Distances on Route 66

Distances

Given an array of latitudes and longitudes of major European capitals calculate pairwise distances between them. Use the approximate formula:

\[D=6371.009\sqrt{(\Delta\phi)^2 + (\Delta\lambda)^2}\qquad \text{(in kilometers)},\]
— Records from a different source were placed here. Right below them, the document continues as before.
(* For the system $$u_{0,0}-v_{1,1}=0,\qquad (u_{1,0}-u_{0,0})(v_{1,0}-u_{0,0})-(u_{0,1}-u_{0,0})(v_{0,1}-u_{0,0})=0,$$ each of the following is a symmetry: $$\frac{\partial u_{0,0}}{\partial t_1}=\frac{u_{0,0}-v_{1,0}}{u_{-1,0}-v_{1,0}},\qquad \frac{\partial v_{0,0}}{\partial t_1}=\frac{u_{-1,0}-v_{0,0}}{u_{-1,0}-v_{1,0}},$$ and $$\frac{\partial u_{0,0}}{\partial s_1}=(u_{1,0}-u_{0,0})(v_{1,0}-u_{0,0}),\qquad \frac{\partial v_{0,0}}{\partial s_1}=(u_{-1,0}-v_{0,0})(v_{-1,0}-v_{0,0}).$$
   Context: Unknowns $u,v$ on $\mathbb Z^2$, $u_{i,j}=u(n+i,m+j)$, similarly $v$. Shifts $\mathcal S:n\mapsto n+1$, $\mathcal T:m\mapsto m+1$. For a quad system $\boldsymbol Q(\boldsymbol u_{0,0},\boldsymbol u_{1,0},\boldsymbol u_{0,1},\boldsymbol u_{1,1})=\boldsymbol 0$ with $\boldsymbol u=(u,v)$ and Jacobians $\mathrm Q_{(p,q)}=\partial\boldsymbol Q/\partial\boldsymbol u_{p,q}$, a vector function $\boldsymbol F(n,m,[\boldsymbol u])=(F^{(1)},F^{(2)})$ is a symmetry, written $\partial_t u_{0,0}=F^{(1)}$, $\partial_t v_{0,0}=F^{(2)}$, if $\mathrm Q_{(0,0)}\boldsymbol F+\mathrm Q_{(1,0)}\mathcal S(\boldsymbol F)+\mathrm Q_{(0,1)}\mathcal T(\boldsymbol F)+\mathrm Q_{(1,1)}\mathcal S\mathcal T(\boldsymbol F)=\boldsymbol 0$ holds on all solutions of the system (where $\mathcal S^p\mathcal T^q(\boldsymbol F)$ is $\boldsymbol F$ with all shifts of $\boldsymbol u$ shifted by $(p,q)$). *)

theory Defs
  imports Complex_Main
begin

type_synonym field2 = "int \<Rightarrow> int \<Rightarrow> real"

definition Q1 :: "real \<Rightarrow> real \<Rightarrow> real \<Rightarrow> real \<Rightarrow> real \<Rightarrow> real \<Rightarrow> real \<Rightarrow> real \<Rightarrow> real" where
  "Q1 u00 v00 u10 v10 u01 v01 u11 v11 = u00 - v11"

definition Q2 :: "real \<Rightarrow> real \<Rightarrow> real \<Rightarrow> real \<Rightarrow> real \<Rightarrow> real \<Rightarrow> real \<Rightarrow> real \<Rightarrow> real" where
  "Q2 u00 v00 u10 v10 u01 v01 u11 v11 =
     (u10 - u00) * (v10 - u00) - (u01 - u00) * (v01 - u00)"

definition at_quad ::
  "(real \<Rightarrow> real \<Rightarrow> real \<Rightarrow> real \<Rightarrow> real \<Rightarrow> real \<Rightarrow> real \<Rightarrow> real \<Rightarrow> real)
   \<Rightarrow> field2 \<Rightarrow> field2 \<Rightarrow> int \<Rightarrow> int \<Rightarrow> real" where
  "at_quad Q u v n m =
     Q (u n m) (v n m) (u (n+1) m) (v (n+1) m)
       (u n (m+1)) (v n (m+1)) (u (n+1) (m+1)) (v (n+1) (m+1))"

definition is_solution :: "field2 \<Rightarrow> field2 \<Rightarrow> bool" where
  "is_solution u v \<longleftrightarrow> (\<forall>n m. at_quad Q1 u v n m = 0 \<and> at_quad Q2 u v n m = 0)"

text \<open>Linearisation: Q_(0,0) F + Q_(1,0) S(F) + Q_(0,1) T(F) + Q_(1,1) ST(F) at (n,m),
  i.e. the derivative at eps = 0 of Q evaluated on (u + eps F1, v + eps F2),
  where F1 u v n m, F2 u v n m are the values of the flow components at (n,m).\<close>
definition linearised_zero ::
  "(real \<Rightarrow> real \<Rightarrow> real \<Rightarrow> real \<Rightarrow> real \<Rightarrow> real \<Rightarrow> real \<Rightarrow> real \<Rightarrow> real)
   \<Rightarrow> (field2 \<Rightarrow> field2 \<Rightarrow> field2) \<Rightarrow> (field2 \<Rightarrow> field2 \<Rightarrow> field2)
   \<Rightarrow> field2 \<Rightarrow> field2 \<Rightarrow> int \<Rightarrow> int \<Rightarrow> bool" where
  "linearised_zero Q F1 F2 u v n m \<longleftrightarrow>
     ((\<lambda>eps. at_quad Q (\<lambda>i j. u i j + eps * F1 u v i j) (\<lambda>i j. v i j + eps * F2 u v i j) n m)
        has_real_derivative 0) (at 0)"

definition Ft1 :: "field2 \<Rightarrow> field2 \<Rightarrow> field2" where
  "Ft1 u v n m = (u n m - v (n+1) m) / (u (n-1) m - v (n+1) m)"
definition Gt1 :: "field2 \<Rightarrow> field2 \<Rightarrow> field2" where
  "Gt1 u v n m = (u (n-1) m - v n m) / (u (n-1) m - v (n+1) m)"
definition Fs1 :: "field2 \<Rightarrow> field2 \<Rightarrow> field2" where
  "Fs1 u v n m = (u (n+1) m - u n m) * (v (n+1) m - u n m)"
definition Gs1 :: "field2 \<Rightarrow> field2 \<Rightarrow> field2" where
  "Gs1 u v n m = (u (n-1) m - v n m) * (v (n-1) m - v n m)"

end

theory Submission
  imports Defs
begin

text \<open>The first equation says that \<open>v\<close> is the diagonal shift of \<open>u\<close>, so the system reduces
  to the scalar equation \<open>(u\<^sub>E - u)(u\<^sub>S - u) = (u\<^sub>N - u)(u\<^sub>W - u)\<close> relating the value
  of \<open>u\<close> at a vertex to its four neighbours. The linearisation of each equation is an explicit
  expression in the flow values; after eliminating \<open>v\<close> it becomes a rational identity in the
  values of \<open>u\<close> near the quad, which follows from the scalar equation.\<close>

lemma has_real_derivative_zero_iff:
  assumes "(f has_real_derivative D) (at x)"
  shows "(f has_real_derivative 0) (at x) \<longleftrightarrow> D = 0"
  using assms DERIV_unique by blast

lemma linearised_zero_Q1_iff:
  "linearised_zero Q1 F G u v n m \<longleftrightarrow> F u v n m = G u v (n+1) (m+1)"
proof -
  have "((\<lambda>eps. at_quad Q1 (\<lambda>i j. u i j + eps * F u v i j) (\<lambda>i j. v i j + eps * G u v i j) n m)
          has_real_derivative F u v n m - G u v (n+1) (m+1)) (at 0)"
    unfolding at_quad_def Q1_def by (auto intro!: derivative_eq_intros)
  then show ?thesis
    unfolding linearised_zero_def by (simp add: has_real_derivative_zero_iff)
qed

lemma linearised_zero_Q2_iff:
  "linearised_zero Q2 F G u v n m \<longleftrightarrow>
     (F u v (n+1) m - F u v n m) * (v (n+1) m - u n m)
   + (u (n+1) m - u n m) * (G u v (n+1) m - F u v n m)
   - (F u v n (m+1) - F u v n m) * (v n (m+1) - u n m)
   - (u n (m+1) - u n m) * (G u v n (m+1) - F u v n m) = 0"
proof -
  have "((\<lambda>eps. at_quad Q2 (\<lambda>i j. u i j + eps * F u v i j) (\<lambda>i j. v i j + eps * G u v i j) n m)
          has_real_derivative
     (F u v (n+1) m - F u v n m) * (v (n+1) m - u n m)
   + (u (n+1) m - u n m) * (G u v (n+1) m - F u v n m)
   - (F u v n (m+1) - F u v n m) * (v n (m+1) - u n m)
   - (u n (m+1) - u n m) * (G u v n (m+1) - F u v n m)) (at 0)"
    unfolding at_quad_def Q2_def by (auto intro!: derivative_eq_intros simp: algebra_simps)
  then show ?thesis
    unfolding linearised_zero_def by (simp add: has_real_derivative_zero_iff)
qed

lemma is_solution_v_eq:
  assumes "is_solution u v"
  shows "v i j = u (i-1) (j-1)"
proof -
  have "at_quad Q1 u v (i-1) (j-1) = 0"
    using assms unfolding is_solution_def by blast
  then show ?thesis by (simp add: at_quad_def Q1_def)
qed

lemma is_solution_quad_eq:
  assumes "is_solution u v"
  shows "(u (i+1) j - u i j) * (u i (j-1) - u i j) = (u i (j+1) - u i j) * (u (i-1) j - u i j)"
proof -
  have "at_quad Q2 u v i j = 0"
    using assms unfolding is_solution_def by blast
  then show ?thesis by (simp add: at_quad_def Q2_def is_solution_v_eq[OF assms])
qed

text \<open>In the identities below, \<open>a\<close> is the value of \<open>u\<close> at a vertex and \<open>b, c, d, e\<close> are its
  values at the east, north, south and west neighbours, so the hypothesis is the scalar
  equation of the previous lemma; \<open>p, q\<close> are values at diagonal neighbours (south-east and
  north-west for the \<open>t\<^sub>1\<close> flow, south-west and north-east for the \<open>s\<^sub>1\<close> flow).\<close>

lemma t1_Q1_identity:
  fixes a b c d e :: real
  assumes "(b-a)*(d-a) = (c-a)*(e-a)" "e \<noteq> d" "b \<noteq> c"
  shows "(a-d)/(e-d) = (c-a)/(c-b)"
  using assms by (simp add: field_simps)

lemma t1_Q2_identity:
  fixes a b c d e p q :: real
  assumes "(b-a)*(d-a) = (c-a)*(e-a)" "e \<noteq> d" "a \<noteq> p" "q \<noteq> a"
  shows "((b-p)/(a-p) - (a-d)/(e-d))*(d-a) + (b-a)*((a-d)/(a-p) - (a-d)/(e-d))
     - ((c-a)/(q-a) - (a-d)/(e-d))*(e-a) - (c-a)*((q-e)/(q-a) - (a-d)/(e-d)) = 0"
proof -
  define r where "r = (a-d)/(e-d)"
  have "(b-p)/(a-p) = 1 + (b-a)/(a-p)"
    using assms(3) by (simp add: field_simps)
  then have east: "((b-p)/(a-p) - r)*(d-a) + (b-a)*((a-d)/(a-p) - r) = (d-a) - r*(b+d-2*a)"
    by (simp add: algebra_simps add_divide_distrib[symmetric] diff_divide_distrib[symmetric])
  have "(q-e)/(q-a) = 1 + (a-e)/(q-a)"
    using assms(4) by (simp add: field_simps)
  then have north: "((c-a)/(q-a) - r)*(e-a) + (c-a)*((q-e)/(q-a) - r) = (c-a) - r*(c+e-2*a)"
    by (simp add: algebra_simps add_divide_distrib[symmetric] diff_divide_distrib[symmetric])
  have "(d-a) - r*(b+d-2*a) - ((c-a) - r*(c+e-2*a)) = 0"
    using assms(1,2) unfolding r_def by (simp add: field_simps) algebra
  with east north show ?thesis unfolding r_def by linarith
qed

lemma s1_Q2_identity:
  fixes a b c d e p q :: real
  assumes "(b-a)*(d-a) = (c-a)*(e-a)"
  shows "((q-b)*(a-b) - (b-a)*(d-a))*(d-a) + (b-a)*((a-d)*(p-d) - (b-a)*(d-a))
     - ((q-c)*(a-c) - (b-a)*(d-a))*(e-a) - (c-a)*((a-e)*(p-e) - (b-a)*(d-a)) = 0"
  using assms by algebra

theorem mainTheorem8:
  fixes u v :: "int \<Rightarrow> int \<Rightarrow> real" and n m :: int
  assumes "is_solution u v"
  shows "((\<forall>p\<in>{0,1}. \<forall>q\<in>{0,1}. u (n+p-1) (m+q) \<noteq> v (n+p+1) (m+q)) \<longrightarrow>
            linearised_zero Q1 Ft1 Gt1 u v n m \<and> linearised_zero Q2 Ft1 Gt1 u v n m)
       \<and> linearised_zero Q1 Fs1 Gs1 u v n m \<and> linearised_zero Q2 Fs1 Gs1 u v n m"
proof -
  note v_eq = is_solution_v_eq[OF assms]
  note quad = is_solution_quad_eq[OF assms, of n m]
  have t1: "linearised_zero Q1 Ft1 Gt1 u v n m \<and> linearised_zero Q2 Ft1 Gt1 u v n m"
    if "\<forall>p\<in>{0,1}. \<forall>q\<in>{0,1}. u (n+p-1) (m+q) \<noteq> v (n+p+1) (m+q)"
  proof
    have "u (n-1) m \<noteq> u n (m-1)" "u n m \<noteq> u (n+1) (m-1)"
      "u (n-1) (m+1) \<noteq> u n m" "u (n+1) m \<noteq> u n (m+1)"
      using that by (auto simp: v_eq add.commute)
    note nondeg = this
    show "linearised_zero Q1 Ft1 Gt1 u v n m"
      using t1_Q1_identity[OF quad nondeg(1) nondeg(4)]
      by (simp add: linearised_zero_Q1_iff Ft1_def Gt1_def v_eq add.commute)
    show "linearised_zero Q2 Ft1 Gt1 u v n m"
      using t1_Q2_identity[OF quad nondeg(1-3)]
      by (simp add: linearised_zero_Q2_iff Ft1_def Gt1_def v_eq add.commute)
  qed
  have "linearised_zero Q1 Fs1 Gs1 u v n m"
    using quad by (simp add: linearised_zero_Q1_iff Fs1_def Gs1_def v_eq add.commute)
  moreover have "linearised_zero Q2 Fs1 Gs1 u v n m"
    \<comment> \<open>\<open>Fs1\<close> at \<open>(n+1,m)\<close> and \<open>Gs1\<close> at \<open>(n,m+1)\<close> involve \<open>u\<close> at \<open>(n\<plusminus>2,m)\<close>; the scalar
       equation at \<open>(n\<plusminus>1,m)\<close> trades these for diagonal neighbours of \<open>(n,m)\<close>.\<close>
    using s1_Q2_identity[OF quad, where p = "u (n-1) (m-1)" and q = "u (n+1) (m+1)"]
      is_solution_quad_eq[OF assms, of "n+1" m] is_solution_quad_eq[OF assms, of "n-1" m]
    by (simp add: linearised_zero_Q2_iff Fs1_def Gs1_def v_eq add.commute)
  ultimately show ?thesis using t1 by blast
qed

end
where \(\Delta\phi=\phi_1-\phi_2\) and \(\Delta\lambda=\lambda_1-\lambda_2\) are the differences between the latitudes and longitude of two cities in radians. (Hint: To convert degrees to radians multiply them by \(\pi/180\)).

coords = np.array([
                  [ 23.71666667,  37.96666667], # Athens
                  [ 13.38333333,  52.51666667], # Berlin
                  [ -0.1275    ,  51.50722222], # London
                  [ -3.71666667,  40.38333333], # Madrid
                  [  2.3508    ,  48.8567    ], # Paris
                  [ 12.5       ,  41.9       ]  # Rome
])

When you are done you can compare the results with a more precise formula:

\[D=6371.009\sqrt{(\Delta\phi)^2 + (\cos(\phi_m)\Delta\lambda)^2}\]

where \(\phi_m = (\phi_1+\phi_2) / 2\) is the mean latitude.